University of Chicago Nurses Narrowly Avert Strike, Claim Victory Against Hospital
Miriam Shestack
Early Tuesday, National Nurses United (NNU) announced that its 1,500 members at the University of Chicago Medical Center (UCMC) would not go on strike as planned. The union called for a one-day strike set for April 30, following nearly eight months of negotiations and a strike authorization vote on January 29, when 95% of membership voted in favor of authorizing a strike; now, the union is claiming victory in its negotiations with the medical center.
Jan Rodolfo, lead negotiator and Midwest Director of NNU has stated that she “feels wonderful about the outcome, as do nurses. … We accomplished many of our objectives” in negotiations.
The hospital had stated that the key issue at stake in negotiations was the union’s demand for more money on top of the yearly raises offered by the hospital. The union, however, insisted that they were fighting against a dramatic increase in healthcare premiums for nurses and focusing on staffing and scheduling issues that directly impact the quality of patient care.
As part of these staffing-related demands, the union also asked to set a fixed maximum number of patients that can be assigned to each nurse and increase the number of additional patient care support nurses. Nurses around the country have been raising concerns about what they often claim are inadequate staffing hospitals for decades. California is the only state with legally mandated nurse-to-patient ratios, which came into law in 2004; some studies have shown that lower patient-to-nurse ratios are linked to fewer patient deaths and improved quality of health. In cases where nurses’ workloads are in line with California-mandated ratios, nurses’ burnout and job dissatisfaction are lower, and nurses report consistently better quality of care.
NNU members in Washington, D.C., on strike last year. (NNU / Flickr)
The agreement reached on Tuesday did not include mandatory nurse-to-patient ratios in the UCMC, but the union stated that they were able to reduce patient assignments for some nurses and gained additional support nurses. The UCMC declined to comment on nurse-to-patient ratios in the hospital.
Rodolfo further indicated that use of rotating shifts, a key issue for the nurses in bargaining, will end, representing “a major improvement in patient safety.” Rodolfo explained that prior to these developments, about 40 percent of UCMC nurses could be required to work both day and night shifts within a given six-week period, and could even be required to do so within the same week. This practice, she says, “results in people getting very behind on sleep and making medication errors. Nurses are less likely to catch subtle changes in patients’ condition before it’s too late.” The hospital, Rodolfo claims, was proposing to increase the use of rotating shifts.

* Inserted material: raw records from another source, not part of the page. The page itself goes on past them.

(* Let $q\ge2$ and let $D$ be a directed graph on $n$ vertices with an induced acyclic subgraph on $I$ vertices. If $D$ is $q$-solvable, then $n \ge I + q\left(1-\frac1q\right)^{I}$.
   Context: A directed graph $D=(V,E)$ has arcs $E \subseteq \{(u,v)\in V^2 : u \neq v\}$ (bidirectional pairs allowed). An induced subgraph is acyclic if it contains no directed cycle. $N^-(v)=\{u:(u,v)\in E\}$. For $q\ge2$ let $[q]=\{0,\dots,q-1\}$. A $D$-function over $[q]$ is a map $f=(f_v)_{v\in V}:[q]^V\to[q]^V$ with each $f_v(x)$ depending only on $(x_u)_{u\in N^-(v)}$. $D$ is $q$-solvable if some $D$-function $f$ over $[q]$ has the property that for every $x\in[q]^V$ there is $v$ with $f_v(x)=x_v$. *)

theory Defs
  imports Main Complex_Main
begin

text \<open>A digraph on vertex type 'v is an arc set E without loops.
  Configurations over [q] = {0..<q} are maps x :: 'v => nat with x v < q.\<close>

definition configs :: "nat \<Rightarrow> ('v \<Rightarrow> nat) set" where
  "configs q = {x. \<forall>v. x v < q}"

definition in_nbrs :: "('v \<times> 'v) set \<Rightarrow> 'v \<Rightarrow> 'v set" where
  "in_nbrs E v = {u. (u, v) \<in> E}"

definition is_D_function :: "('v \<times> 'v) set \<Rightarrow> nat \<Rightarrow> ('v \<Rightarrow> ('v \<Rightarrow> nat) \<Rightarrow> nat) \<Rightarrow> bool" where
  "is_D_function E q f \<longleftrightarrow>
     (\<forall>x \<in> configs q. \<forall>v. f v x < q) \<and>
     (\<forall>v. \<forall>x \<in> configs q. \<forall>y \<in> configs q.
        (\<forall>u \<in> in_nbrs E v. x u = y u) \<longrightarrow> f v x = f v y)"

definition q_solvable :: "('v \<times> 'v) set \<Rightarrow> nat \<Rightarrow> bool" where
  "q_solvable E q \<longleftrightarrow>
     (\<exists>f. is_D_function E q f \<and> (\<forall>x \<in> configs q. \<exists>v. f v x = x v))"

definition induced_acyclic :: "('v \<times> 'v) set \<Rightarrow> 'v set \<Rightarrow> bool" where
  "induced_acyclic E S \<longleftrightarrow> acyclic (E \<inter> (S \<times> S))"

end

theory Submission
  imports Defs "HOL-Library.FuncSet"
begin

(* Fix a solving D-function f and call x "unfixed at v" if f v x \<noteq> x v.
   (1) For a single vertex v, f v does not read coordinate v (no loops), so exactly
       a 1/q fraction of all configurations is fixed at v: q^(n-1) of them.
   (2) For a set T inducing an acyclic subgraph, the configurations unfixed on all
       of T form a (1-1/q)^|T| fraction: remove a sink s of T; the coordinate-s
       fibres of the configurations unfixed on T - {s} are preserved, since no f v
       with v \<in> T - {s} reads x s, and in each fibre exactly one value is fixed at s.
   Solvability says every configuration unfixed on S is fixed at some v \<notin> S, so
   by (1) and (2) with T = S:  (q-1)^|S| q^n \<le> |V - S| q^(n-1) q^|S|, i.e.
   |V - S| \<ge> q (1-1/q)^|S|; adding |S| gives the corollary. *)

lemma configs_eq_PiE: "configs q = PiE (UNIV :: 'v::finite set) (\<lambda>_. {0..<q})"
  by (auto simp: configs_def PiE_def Pi_def extensional_def)

lemma finite_configs: "finite (configs q :: ('v::finite \<Rightarrow> nat) set)"
  unfolding configs_eq_PiE by (intro finite_PiE) auto

lemma card_configs: "card (configs q :: ('v::finite \<Rightarrow> nat) set) = q ^ card (UNIV :: 'v set)"
  unfolding configs_eq_PiE by (simp add: card_PiE)

lemma configs_update: "x \<in> configs q \<Longrightarrow> c < q \<Longrightarrow> x(s := c) \<in> configs q"
  by (auto simp: configs_def)

text \<open>Fibre counting: if a set P of configurations is closed under rewriting
  coordinate s, and h is a [q]-valued function ignoring coordinate s, then
  x s = h x singles out exactly one configuration in each fibre, i.e. a 1/q fraction.\<close>

lemma card_coordinate_hits:
  fixes P :: "('v::finite \<Rightarrow> nat) set"
  assumes P_configs: "P \<subseteq> configs q"
    and closed: "\<And>x c. x \<in> P \<Longrightarrow> c < q \<Longrightarrow> x(s := c) \<in> P"
    and ignores: "\<And>x c. x \<in> P \<Longrightarrow> c < q \<Longrightarrow> h (x(s := c)) = h x"
    and h_range: "\<And>x. x \<in> P \<Longrightarrow> h x < q"
    and q_pos: "q > 0"
  shows "card {x\<in>P. x s = h x} * q = card P"
proof -
  let ?P0 = "{x\<in>P. x s = 0}"
  have "bij_betw (\<lambda>x. x(s := 0)) {x\<in>P. x s = h x} ?P0"
    by (rule bij_betw_byWitness[where f' = "\<lambda>y. y(s := h y)"])
       (use ignores closed h_range q_pos in auto)
  hence hits_eq: "card {x\<in>P. x s = h x} = card ?P0"
    by (rule bij_betw_same_card)
  have inj: "inj_on (\<lambda>(y, c). y(s := c)) (?P0 \<times> {0..<q})"
  proof (rule inj_onI, clarify)
    fix y y' :: "'v \<Rightarrow> nat" and c c' :: nat
    assume "y s = 0" "y' s = 0" and eq: "y(s := c) = y'(s := c')"
    then have "\<forall>v. y v = y' v" using fun_cong[OF eq] by (metis fun_upd_other)
    then show "y = y' \<and> c = c'" using fun_cong[OF eq, of s] by auto
  qed
  have fibres: "P = (\<lambda>(y, c). y(s := c)) ` (?P0 \<times> {0..<q})"
  proof
    show "P \<subseteq> (\<lambda>(y, c). y(s := c)) ` (?P0 \<times> {0..<q})"
    proof
      fix x assume x: "x \<in> P"
      have "x s < q" using x P_configs by (auto simp: configs_def)
      then show "x \<in> (\<lambda>(y, c). y(s := c)) ` (?P0 \<times> {0..<q})"
        using closed[OF x q_pos] by (intro image_eqI[where x = "(x(s := 0), x s)"]) auto
    qed
  qed (use closed in auto)
  have "card P = card ?P0 * q"
    by (subst fibres, subst card_image[OF inj]) (simp add: card_cartesian_product)
  with hits_eq show ?thesis by simp
qed

lemma acyclic_has_sink:
  assumes "finite T" "T \<noteq> {}" "acyclic (E \<inter> (T \<times> T))"
  shows "\<exists>s\<in>T. \<forall>u\<in>T. (s, u) \<notin> E"
proof -
  have "wf ((E \<inter> (T \<times> T))\<inverse>)"
    by (rule finite_acyclic_wf_converse) (use assms in auto)
  then obtain s where "s \<in> T" and "\<And>u. (u, s) \<in> (E \<inter> (T \<times> T))\<inverse> \<Longrightarrow> u \<notin> T"
    using assms(2) unfolding wf_eq_minimal by blast
  then show ?thesis by blast
qed

lemma D_function_range:
  "is_D_function E q f \<Longrightarrow> x \<in> configs q \<Longrightarrow> f v x < q"
  unfolding is_D_function_def by blast

lemma D_function_update:
  assumes "is_D_function E q f" "x \<in> configs q" "c < q" "(s, v) \<notin> E"
  shows "f v (x(s := c)) = f v x"
proof -
  have "\<forall>u \<in> in_nbrs E v. (x(s := c)) u = x u"
    using assms(4) by (auto simp: in_nbrs_def)
  then show ?thesis
    using assms(1) configs_update[OF assms(2,3)] assms(2) unfolding is_D_function_def by blast
qed

lemma card_fixed_at:
  fixes E :: "('v::finite \<times> 'v) set"
  assumes f: "is_D_function E q f" and loopless: "\<forall>v. (v, v) \<notin> E" and q_pos: "q > 0"
  shows "card {x\<in>configs q. x v = f v x} * q = q ^ card (UNIV :: 'v set)"
proof -
  have "card {x\<in>configs q. x v = f v x} * q = card (configs q :: ('v \<Rightarrow> nat) set)"
  proof (rule card_coordinate_hits)
    show "f v (x(v := c)) = f v x" if "x \<in> configs q" "c < q" for x c
      using D_function_update[OF f that] loopless by blast
  qed (use configs_update D_function_range[OF f] q_pos in auto)
  then show ?thesis by (simp add: card_configs)
qed

lemma card_unfixed_on_acyclic:
  fixes E :: "('v::finite \<times> 'v) set"
  assumes f: "is_D_function E q f" and loopless: "\<forall>v. (v, v) \<notin> E" and q_pos: "q > 0"
    and acyclic_T: "acyclic (E \<inter> (T \<times> T))"
  shows "card {x\<in>configs q. \<forall>v\<in>T. f v x \<noteq> x v} * q ^ card T
           = (q - 1) ^ card T * q ^ card (UNIV :: 'v set)"
  using acyclic_T
proof (induction "card T" arbitrary: T)
  case 0
  then show ?case by (simp add: card_configs)
next
  case (Suc k)
  then obtain s where s: "s \<in> T" and sink: "\<forall>u\<in>T. (s, u) \<notin> E"
    using acyclic_has_sink[of T E] by fastforce
  let ?U = "{x\<in>configs q. \<forall>v\<in>T. f v x \<noteq> x v}"
  define A where "A = {x\<in>configs q. \<forall>v\<in>T - {s}. f v x \<noteq> x v}"
  have "acyclic (E \<inter> ((T - {s}) \<times> (T - {s})))"
    by (rule acyclic_subset[OF Suc.prems]) auto
  moreover have "k = card (T - {s})"
    using Suc.hyps(2) s by simp
  ultimately have IH: "card A * q ^ k = (q - 1) ^ k * q ^ card (UNIV :: 'v set)"
    unfolding A_def using Suc.hyps(1) by blast
  have A_closed: "x(s := c) \<in> A" if "x \<in> A" "c < q" for x c
    using that sink D_function_update[OF f] configs_update by (auto simp: A_def)
  have hits: "card {x\<in>A. x s = f s x} * q = card A"
    by (rule card_coordinate_hits)
       (use A_closed D_function_update[OF f] loopless D_function_range[OF f] q_pos
         in \<open>auto simp: A_def\<close>)
  have "?U = A - {x\<in>A. x s = f s x}"
    using s by (auto simp: A_def)
  moreover have "finite A"
    using finite_configs by (rule rev_finite_subset) (auto simp: A_def)
  ultimately have step: "card ?U * q = card A * (q - 1)"
    using hits by (simp add: card_Diff_subset diff_mult_distrib2 mult.commute)
  have "card ?U * q ^ Suc k = (card ?U * q) * q ^ k"
    by (simp add: mult.assoc)
  also have "\<dots> = (card A * q ^ k) * (q - 1)"
    unfolding step by (simp add: ac_simps)
  also have "\<dots> = (q - 1) ^ Suc k * q ^ card (UNIV :: 'v set)"
    unfolding IH by (simp add: ac_simps)
  finally show ?case
    unfolding Suc.hyps(2)[symmetric] .
qed

lemma solvable_count_bound:
  fixes E :: "('v::finite \<times> 'v) set"
  assumes q_pos: "q > 0" and loopless: "\<forall>v. (v, v) \<notin> E"
    and acyclic_S: "acyclic (E \<inter> (S \<times> S))" and solvable: "q_solvable E q"
  shows "(q - 1) ^ card S * q \<le> card (- S) * q ^ card S"
proof -
  obtain f where f: "is_D_function E q f" and solves: "\<forall>x\<in>configs q. \<exists>v. f v x = x v"
    using solvable unfolding q_solvable_def by blast
  let ?n = "card (UNIV :: 'v set)"
  let ?unfixed = "{x\<in>configs q. \<forall>v\<in>S. f v x \<noteq> x v}"
  let ?fixed_at = "\<lambda>v. {x\<in>configs q. x v = f v x}"
  have "?unfixed \<subseteq> (\<Union>v\<in>-S. ?fixed_at v)"
  proof
    fix x assume x: "x \<in> ?unfixed"
    then obtain v where "f v x = x v"
      using solves by blast
    then have "v \<in> - S" and "x \<in> ?fixed_at v"
      using x by auto
    then show "x \<in> (\<Union>v\<in>-S. ?fixed_at v)"
      by blast
  qed
  then have "card ?unfixed \<le> card (\<Union>v\<in>-S. ?fixed_at v)"
    by (intro card_mono finite_subset[OF _ finite_configs]) auto
  also have "\<dots> \<le> (\<Sum>v\<in>-S. card (?fixed_at v))"
    by (rule card_UN_le) simp
  finally have "card ?unfixed * q \<le> (\<Sum>v\<in>-S. card (?fixed_at v) * q)"
    by (simp add: sum_distrib_right[symmetric])
  also have "\<dots> = card (- S) * q ^ ?n"
    using card_fixed_at[OF f loopless q_pos] by simp
  finally have unfixed_le: "card ?unfixed * q \<le> card (- S) * q ^ ?n" .
  have "(q - 1) ^ card S * q * q ^ ?n = card ?unfixed * q * q ^ card S"
    using card_unfixed_on_acyclic[OF f loopless q_pos acyclic_S] by (simp add: ac_simps)
  also have "\<dots> \<le> card (- S) * q ^ ?n * q ^ card S"
    using unfixed_le by simp
  finally have "(q - 1) ^ card S * q * q ^ ?n \<le> (card (- S) * q ^ card S) * q ^ ?n"
    by (simp add: ac_simps)
  then show ?thesis
    using q_pos by simp
qed

theorem corollary14:
  fixes E :: "('v::finite \<times> 'v) set" and S :: "'v set" and q :: nat
  assumes "q \<ge> 2"
    and "\<forall>v. (v, v) \<notin> E"
    and "induced_acyclic E S"
    and "q_solvable E q"
  shows "real (card (UNIV :: 'v set)) \<ge> real (card S) + real q * (1 - 1 / real q) ^ card S"
proof -
  have q_pos: "real q > 0" using assms(1) by simp
  have "(q - 1) ^ card S * q \<le> card (- S) * q ^ card S"
    using assms unfolding induced_acyclic_def by (intro solvable_count_bound) auto
  moreover have "real (q - 1) = real q - 1"
    using assms(1) by simp
  ultimately have "(real q - 1) ^ card S * real q \<le> real (card (- S)) * real q ^ card S"
    by (metis of_nat_le_iff of_nat_mult of_nat_power)
  moreover have "1 - 1 / real q = (real q - 1) / real q"
    using q_pos by (simp add: field_simps)
  ultimately have "real q * (1 - 1 / real q) ^ card S \<le> real (card (- S))"
    using q_pos by (simp add: power_divide divide_le_eq mult.commute)
  moreover have "card (UNIV :: 'v set) = card S + card (- S)"
    using card_Un_disjoint[of S "- S"] by simp
  ultimately show ?thesis by simp
qed

end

The UCMC declined to comment on these developments.
Also at stake in negotiations was a hospital proposal that charge nurses, nurses with administrative responsibilities within their unit on top of patient care assignments, be converted to full-time supervisors. The union says that this change would eliminate a position in the bargaining unit; this position was kept within the union.
Rodolfo describes NNU as an “aggressive” union that “does not agree with labor-management partnerships.” “We don’t believe that the hospital and nurses have a unified set of interests,” she says. “Instead of a partnership between the hospital and nurses, we see the partnership as between nurses and patients, versus the hospital that has an economic incentive to cut back services or to cut back care as much as they can in order to make money off of patients.”
The hospital made a point of noting in an online bargaining update that NNU has called more strikes than any other nursing union in the United States.
The NNU strike announcement and subsequent withdrawal come two weeks after the union accused the hospital of bargaining in bad faith. Cindy Loudin, an organizer for NNU, reports an especially hostile environment towards union activity in the UCMC. She says that while it is common for union staff to be kept out of designated “patient care areas,” she was also denied access to nurse break rooms within hospital units, restricting her ability to communicate with union members. The hospital declined to comment on these allegations.
Even so, Rodolfo insists, “We remained willing to negotiate anytime the employer was ready.” In the end, she says, “two long days of bargaining finally paid off.”